### Supplied data
text \<open>Small-ball lower bound: the open square \<open>(-a,a)\<^sup>2\<close> has probability at least
  its area times the minimum of the density on it.\<close>
lemma cgauss_square_lower:
  assumes "s > 0" "a > 0"
  shows "ennreal (4 * a\<^sup>2 * exp (- 2 * a\<^sup>2 / s) / (pi * s))
    \<le> emeasure (cgauss s) (box (Complex (-a) (-a)) (Complex a a))"
proof -
  let ?Q = "box (Complex (-a) (-a)) (Complex a a)"
  let ?c = "exp (- 2 * a\<^sup>2 / s) / (pi * s)"
  have area: "emeasure lborel ?Q = ennreal (4 * a\<^sup>2)"
    using assms by (subst emeasure_lborel_box)
      (auto simp: Basis_complex_def inner_complex_def power2_eq_square)
  have dens: "?c \<le> cgauss_density s z" if "z \<in> ?Q" for z
  proof -
    have "\<bar>Re z\<bar> < a" "\<bar>Im z\<bar> < a"
      using that by (auto simp: box_def Basis_complex_def inner_complex_def)
    then have "(Re z)\<^sup>2 < a\<^sup>2" "(Im z)\<^sup>2 < a\<^sup>2"
      by (simp_all add: abs_less_iff power2_eq_square)
        (metis abs_less_iff abs_mult_less abs_mult_self_eq)+
    then have "(cmod z)\<^sup>2 \<le> 2 * a\<^sup>2" by (simp add: cmod_power2)
    then have "- 2 * a\<^sup>2 / s \<le> - (cmod z)\<^sup>2 / s" using assms by (simp add: divide_right_mono)
    then show ?thesis unfolding cgauss_density_def using assms by (simp add: divide_right_mono)
  qed
  have "ennreal (4 * a\<^sup>2 * ?c) = ennreal ?c * emeasure lborel ?Q"
    using area assms by (simp add: ennreal_mult'[symmetric] mult.commute)
  also have "\<dots> = (\<integral>\<^sup>+z. ennreal ?c * indicator ?Q z \<partial>lborel)"
    by (simp add: nn_integral_cmult_indicator)
  also have "\<dots> \<le> (\<integral>\<^sup>+z. ennreal (cgauss_density s z) * indicator ?Q z \<partial>lborel)"
    using dens by (intro nn_integral_mono) (auto simp: indicator_def intro!: ennreal_leI)
  also have "\<dots> = emeasure (cgauss s) ?Q" by (simp add: emeasure_cgauss)
  finally show ?thesis by (simp add: mult.assoc)
qed

text \<open>Small-ball upper bound: the density is at most \<open>1/(\<pi> s)\<close> and the disk
  \<open>|z|\<^sup>2 < T\<close> lies in a square of area \<open>4T\<close>.\<close>
lemma cgauss_disk_upper:
  assumes "s > 0" "T \<ge> 0"
  shows "emeasure (cgauss s) {z. (cmod z)\<^sup>2 < T} \<le> ennreal (4 * T / (pi * s))"
proof -
  let ?a = "sqrt T"
  let ?Q = "box (Complex (-?a) (-?a)) (Complex ?a ?a)"
  let ?D = "{z. (cmod z)\<^sup>2 < T}"
  have area: "emeasure lborel ?Q = ennreal (4 * T)"
    using assms by (subst emeasure_lborel_box) (auto simp: Basis_complex_def inner_complex_def)
  have sub: "?D \<subseteq> ?Q"
  proof
    fix z assume "z \<in> ?D"
    then have "(Re z)\<^sup>2 < T" "(Im z)\<^sup>2 < T"
      by (auto simp: cmod_power2 add_pos_nonneg) (smt (verit) zero_le_power2)+
    then have "\<bar>Re z\<bar> < ?a" "\<bar>Im z\<bar> < ?a" by (auto intro: real_less_rsqrt)
    then show "z \<in> ?Q" by (auto simp: box_def Basis_complex_def inner_complex_def)
  qed
  have dens: "cgauss_density s z \<le> 1 / (pi * s)" for z
    unfolding cgauss_density_def using assms by (simp add: divide_right_mono)
  have "?D \<in> sets borel" by measurable
  then have "emeasure (cgauss s) ?D = (\<integral>\<^sup>+z. ennreal (cgauss_density s z) * indicator ?D z \<partial>lborel)"
    by (simp add: emeasure_cgauss)
  also have "\<dots> \<le> (\<integral>\<^sup>+z. ennreal (1 / (pi * s)) * indicator ?Q z \<partial>lborel)"
    using sub dens by (intro nn_integral_mono) (auto simp: indicator_def intro!: ennreal_leI)
  also have "\<dots> = ennreal (1 / (pi * s)) * emeasure lborel ?Q"
    by (simp add: nn_integral_cmult_indicator)
  also have "\<dots> = ennreal (4 * T / (pi * s))"
    using area assms by (simp add: ennreal_mult[symmetric])
  finally show ?thesis .
qed

text \<open>The links form a countable type, as needed to identify the product
  \<open>\<sigma>\<close>-algebra with the Borel algebra.\<close>
instance link :: countable
  by (rule countable_classI[of "\<lambda>l. case l of SR1 \<Rightarrow> 0 | SR2 \<Rightarrow> 1 | SD \<Rightarrow> 2
      | R1R2 \<Rightarrow> 3 | R2R1 \<Rightarrow> 4 | R1D \<Rightarrow> 5 | R2D \<Rightarrow> (6::nat)"]) (auto split: link.splits)

lemma space_gain_measure[simp]: "space (gain_measure \<sigma>2) = UNIV"
  by (simp add: gain_measure_def space_PiM)

lemma sets_gain_measure: "sets (gain_measure \<sigma>2) = sets (borel :: (link \<Rightarrow> complex) measure)"
proof -
  have "sets (gain_measure \<sigma>2) = sets (PiM UNIV (\<lambda>l::link. borel :: complex measure))"
    unfolding gain_measure_def by (rule sets_PiM_cong) auto
  also have "\<dots> = sets borel" by (rule sets_PiM_equal_borel)
  finally show ?thesis .
qed

lemma prob_space_gain_measure: "(\<And>l. \<sigma>2 l > 0) \<Longrightarrow> prob_space (gain_measure \<sigma>2)"
  unfolding gain_measure_def by (rule prob_space_PiM) (auto intro: prob_space_cgauss)

lemma gain_cylinder_eq_prod_emb:
  "{\<alpha>. \<forall>l\<in>J. \<alpha> l \<in> A l} = prod_emb UNIV (\<lambda>l. cgauss (\<sigma>2 l)) J (Pi\<^sub>E J A)"
  by (auto simp: prod_emb_def space_PiM PiE_iff)

lemma emeasure_gain_cylinder:
  assumes "\<And>l. \<sigma>2 l > 0" "\<And>l. l \<in> J \<Longrightarrow> A l \<in> sets borel"
  shows "emeasure (gain_measure \<sigma>2) {\<alpha>. \<forall>l\<in>J. \<alpha> l \<in> A l}
       = (\<Prod>l\<in>J. emeasure (cgauss (\<sigma>2 l)) (A l))"
  unfolding gain_measure_def gain_cylinder_eq_prod_emb[of J A \<sigma>2] using assms
  by (simp add: emeasure_PiM_emb prob_space_cgauss)

lemma gain_cylinder_sets:
  assumes "\<And>l. l \<in> J \<Longrightarrow> A l \<in> sets borel"
  shows "{\<alpha>. \<forall>l\<in>J. \<alpha> l \<in> A l} \<in> sets (gain_measure \<sigma>2)"
  unfolding gain_measure_def gain_cylinder_eq_prod_emb[of J A \<sigma>2] using assms
  by (auto intro!: sets_PiM_I)

lemma measure_gain_cylinder_le:
  assumes "\<And>l. \<sigma>2 l > 0" "\<And>l. l \<in> J \<Longrightarrow> A l \<in> sets borel"
    and "\<And>l. l \<in> J \<Longrightarrow> emeasure (cgauss (\<sigma>2 l)) (A l) \<le> ennreal (b l)"
    and "\<And>l. l \<in> J \<Longrightarrow> b l \<ge> 0"
  shows "measure (gain_measure \<sigma>2) {\<alpha>. \<forall>l\<in>J. \<alpha> l \<in> A l} \<le> (\<Prod>l\<in>J. b l)"
proof -
  interpret prob_space "gain_measure \<sigma>2" using prob_space_gain_measure assms(1) .
  have "ennreal (measure (gain_measure \<sigma>2) {\<alpha>. \<forall>l\<in>J. \<alpha> l \<in> A l})
      = (\<Prod>l\<in>J. emeasure (cgauss (\<sigma>2 l)) (A l))"
    using emeasure_gain_cylinder[of \<sigma>2 J A] assms by (simp add: emeasure_eq_measure)
  also have "\<dots> \<le> (\<Prod>l\<in>J. ennreal (b l))"
    using assms by (intro prod_mono_ennreal) auto
  also have "\<dots> = ennreal (\<Prod>l\<in>J. b l)" using assms by (simp add: prod_ennreal)
  finally show ?thesis using assms by (simp add: ennreal_le_iff prod_nonneg)
qed

lemma measure_gain_cylinder_ge:
  assumes "\<And>l. \<sigma>2 l > 0" "\<And>l. l \<in> J \<Longrightarrow> A l \<in> sets borel"
    and "\<And>l. l \<in> J \<Longrightarrow> ennreal (b l) \<le> emeasure (cgauss (\<sigma>2 l)) (A l)"
    and "\<And>l. l \<in> J \<Longrightarrow> b l \<ge> 0"
  shows "(\<Prod>l\<in>J. b l) \<le> measure (gain_measure \<sigma>2) {\<alpha>. \<forall>l\<in>J. \<alpha> l \<in> A l}"
proof -
  interpret prob_space "gain_measure \<sigma>2" using prob_space_gain_measure assms(1) .
  have "ennreal (\<Prod>l\<in>J. b l) = (\<Prod>l\<in>J. ennreal (b l))" using assms by (simp add: prod_ennreal)
  also have "\<dots> \<le> (\<Prod>l\<in>J. emeasure (cgauss (\<sigma>2 l)) (A l))"
    using assms by (intro prod_mono_ennreal) auto
  also have "\<dots> = ennreal (measure (gain_measure \<sigma>2) {\<alpha>. \<forall>l\<in>J. \<alpha> l \<in> A l})"
    using emeasure_gain_cylinder[of \<sigma>2 J A] assms by (simp add: emeasure_eq_measure)
  finally show ?thesis by (simp add: ennreal_le_iff)
qed

lemma UNIV_relay: "(UNIV :: relay set) = {R1, R2}"
  using relay.exhaust by auto

lemma finite_relay_set[simp]: "finite (A :: relay set)"
  by (rule finite_subset[of _ "{R1, R2}"]) (use UNIV_relay in blast, simp)

lemma relay_set_cases: "D = {} \<or> D = {R1} \<or> D = {R2} \<or> D = {R1, R2}"
  for D :: "relay set"
proof -
  have "D \<in> Pow {R1, R2}" using UNIV_relay by blast
  then show ?thesis by (auto simp: Pow_insert)
qed

lemma relay_links[simp]:
  "src_relay R1 = SR1" "src_relay R2 = SR2" "relay_dst R1 = R1D" "relay_dst R2 = R2D"
  by (simp_all add: src_relay_def relay_dst_def)

definition integrand ::
  "real \<Rightarrow> (relay \<Rightarrow> real) \<Rightarrow> relay set \<Rightarrow> (link \<Rightarrow> complex) \<Rightarrow> real \<Rightarrow> real" where
  "integrand \<rho> \<tau> D \<alpha> f = ln (1 + \<rho> * (cmod (\<alpha> SD))\<^sup>2
     + \<rho> * (cmod (\<Sum>k\<in>D. \<alpha> (relay_dst k) * cis (2 * pi * f * \<tau> k)))\<^sup>2)"

lemma I_RTDA_eq_integral:
  "I_RTDA r \<sigma>2 Bw \<tau> snr \<alpha> = 1 / (2 * Bw) *
     integral {- Bw / 2 .. Bw / 2} (integrand (rho0 snr) \<tau> (decoding_set r \<sigma>2 snr \<alpha>) \<alpha>)"
  unfolding I_RTDA_def integrand_def ..

lemma continuous_on_integrand:
  assumes "\<rho> \<ge> 0"
  shows "continuous_on S (integrand \<rho> \<tau> D \<alpha>)"
  unfolding integrand_def using assms
  by (intro continuous_intros) (auto, smt (verit) mult_nonneg_nonneg zero_le_power2)

lemma integrable_integrand:
  "\<rho> \<ge> 0 \<Longrightarrow> integrand \<rho> \<tau> D \<alpha> integrable_on {a..b}"
  by (rule integrable_continuous_interval[OF continuous_on_integrand])

lemma continuous_on_coordinate_fst[continuous_intros]:
  "continuous_on S (\<lambda>p::(link \<Rightarrow> complex) \<times> real. fst p l)"
  by (rule continuous_on_compose2[OF continuous_on_product_coordinates continuous_on_fst]) auto

lemma continuous_on_band_integral:
  assumes "\<rho> \<ge> 0"
  shows "continuous_on UNIV (\<lambda>\<alpha>. integral {a..b} (integrand \<rho> \<tau> D \<alpha>))"
proof -
  have "continuous_on (UNIV \<times> cbox a b) (\<lambda>p::(link \<Rightarrow> complex) \<times> real.
      ln (1 + \<rho> * (cmod (fst p SD))\<^sup>2
        + \<rho> * (cmod (\<Sum>k\<in>D. fst p (relay_dst k) * cis (2 * pi * snd p * \<tau> k)))\<^sup>2))"
    using assms by (intro continuous_intros) (auto, smt (verit) mult_nonneg_nonneg zero_le_power2)
  then have "continuous_on (UNIV \<times> cbox a b) (\<lambda>(\<alpha>, f). integrand \<rho> \<tau> D \<alpha> f)"
    by (simp add: case_prod_beta integrand_def)
  then show ?thesis
    using integral_continuous_on_param[where U=UNIV and a=a and b=b] by (simp add: cbox_interval)
qed
lemma in_l2d_add:
  assumes "in_l2d f" "in_l2d g"
  shows "in_l2d (\<lambda>j. f j + g j)"
proof -
  have "(\<lambda>j. (f j)\<^sup>2 + (2 * (f j * g j) + (g j)\<^sup>2)) summable_on UNIV"
    using assms summable_on_mult_in_l2d[OF assms] unfolding in_l2d_def
    by (intro summable_on_add summable_on_cmult_right)
  then show ?thesis
    unfolding in_l2d_def by (simp add: power2_sum algebra_simps)
qed

lemma in_l2d_diff: "in_l2d f \<Longrightarrow> in_l2d g \<Longrightarrow> in_l2d (\<lambda>j. f j - g j)"
  using in_l2d_add[of f "\<lambda>j. -1 * g j"] in_l2d_cmult[of g "-1"] by simp

lemma in_l2d_bounded_mult:
  assumes "in_l2d f" and "\<And>j. \<bar>g j\<bar> \<le> K"
  shows "in_l2d (\<lambda>j. g j * f j)"
  unfolding in_l2d_def
proof (rule summable_on_comparison_test)
  show "(\<lambda>j. K\<^sup>2 * (f j)\<^sup>2) summable_on UNIV"
    using assms(1) unfolding in_l2d_def by (rule summable_on_cmult_right)
  fix j
  have "(g j)\<^sup>2 \<le> K\<^sup>2"
    using power_mono[OF assms(2)[of j] abs_ge_zero, of 2] by simp
  then show "(g j * f j)\<^sup>2 \<le> K\<^sup>2 * (f j)\<^sup>2"
    by (simp add: power_mult_distrib mult_right_mono)
qed simp

lemma abs_le_norm_linf:
  assumes "in_l2d a"
  shows "\<bar>a j\<bar> \<le> norm_linf a"
proof -
  have "(a i)\<^sup>2 \<le> infsum (\<lambda>j. (a j)\<^sup>2) UNIV" for i
    using infsum_mono_neutral[of "\<lambda>j. (a j)\<^sup>2" "{i}" "\<lambda>j. (a j)\<^sup>2" UNIV] assms
    unfolding in_l2d_def by simp
  then have "\<bar>a i\<bar> \<le> sqrt (infsum (\<lambda>j. (a j)\<^sup>2) UNIV)" for i
    using real_sqrt_le_mono by fastforce
  then have "bdd_above (range (\<lambda>j. \<bar>a j\<bar>))"
    by (auto intro: bdd_aboveI[where M="sqrt (infsum (\<lambda>j. (a j)\<^sup>2) UNIV)"])
  then show ?thesis
    unfolding norm_linf_def by (rule cSUP_upper[rotated]) simp
qed

lemma in_l2d_half_square: "in_l2d a \<Longrightarrow> in_l2d (\<lambda>j. (a j)\<^sup>2 / 2)"
  using in_l2d_bounded_mult[of a "\<lambda>j. a j / 2" "norm_linf a / 2"] abs_le_norm_linf[of a]
  by (simp add: power2_eq_square)

lemma in_l2d_Dp: "in_l2d a \<Longrightarrow> in_l2d (Dp dx a)"
  unfolding Dp_def by (intro in_l2d_divide in_l2d_diff in_l2d_shift)

lemma in_l2d_Dm: "in_l2d a \<Longrightarrow> in_l2d (Dm dx a)"
  unfolding Dm_def using in_l2d_shift[of a "-1"] by (intro in_l2d_divide in_l2d_diff) simp_all

lemma in_l2d_Dc: "in_l2d a \<Longrightarrow> in_l2d (Dc dx a)"
  unfolding Dc_def by (intro in_l2d_divide in_l2d_add in_l2d_Dp in_l2d_Dm)

lemma Dp_Dm_unit_mesh:
  assumes "dx \<noteq> 0"
  shows "Dp dx (Dm dx a) = (\<lambda>j. Dp 1 (Dm 1 a) j / dx\<^sup>2)"
  by (rule ext) (simp add: Dp_def Dm_def assms field_simps power2_eq_square)

lemma Dp_Dp_Dm_unit_mesh:
  assumes "dx \<noteq> 0"
  shows "Dp dx (Dp dx (Dm dx a)) = (\<lambda>j. Dp 1 (Dp 1 (Dm 1 a)) j / dx ^ 3)"
  by (rule ext) (simp add: Dp_def Dm_def assms field_simps power3_eq_cube)

lemma Dc_unit_mesh:
  assumes "dx \<noteq> 0"
  shows "Dc dx a = (\<lambda>j. Dc 1 a j / dx)"
  by (rule ext) (simp add: Dc_def Dp_def Dm_def assms field_simps)

lemma Dp_Dc_unit_mesh:
  assumes "dx \<noteq> 0"
  shows "Dp dx (Dc dx a) = (\<lambda>j. Dp 1 (Dc 1 a) j / dx\<^sup>2)"
  by (rule ext) (simp add: Dc_def Dp_def Dm_def assms field_simps power2_eq_square)

lemma inner_d_divide:
  "inner_d dx (\<lambda>j. f j / c) (\<lambda>j. g j / d) = dx / (c * d) * inner_d 1 f g"
proof -
  have "(\<lambda>j. f j / c * (g j / d)) = (\<lambda>j. inverse (c * d) * (f j * g j))"
    by (simp add: field_simps)
  then show ?thesis
    unfolding inner_d_def by (simp only: infsum_cmult_right') (simp add: field_simps)
qed

lemma power2_norm_l2d: "0 \<le> dx \<Longrightarrow> (norm_l2d dx f)\<^sup>2 = inner_d dx f f"
  unfolding norm_l2d_def inner_d_def by (simp add: infsum_nonneg)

### Problem details
Please copy every line in the entries where "times" appears.

### Expected answer
  its area times the minimum of the density on it.\<close>
  "continuous_on S (\<lambda>p::(link \<Rightarrow> complex) \<times> real. fst p l)"
  have "continuous_on (UNIV \<times> cbox a b) (\<lambda>p::(link \<Rightarrow> complex) \<times> real.
  then have "continuous_on (UNIV \<times> cbox a b) (\<lambda>(\<alpha>, f). integrand \<rho> \<tau> D \<alpha> f)"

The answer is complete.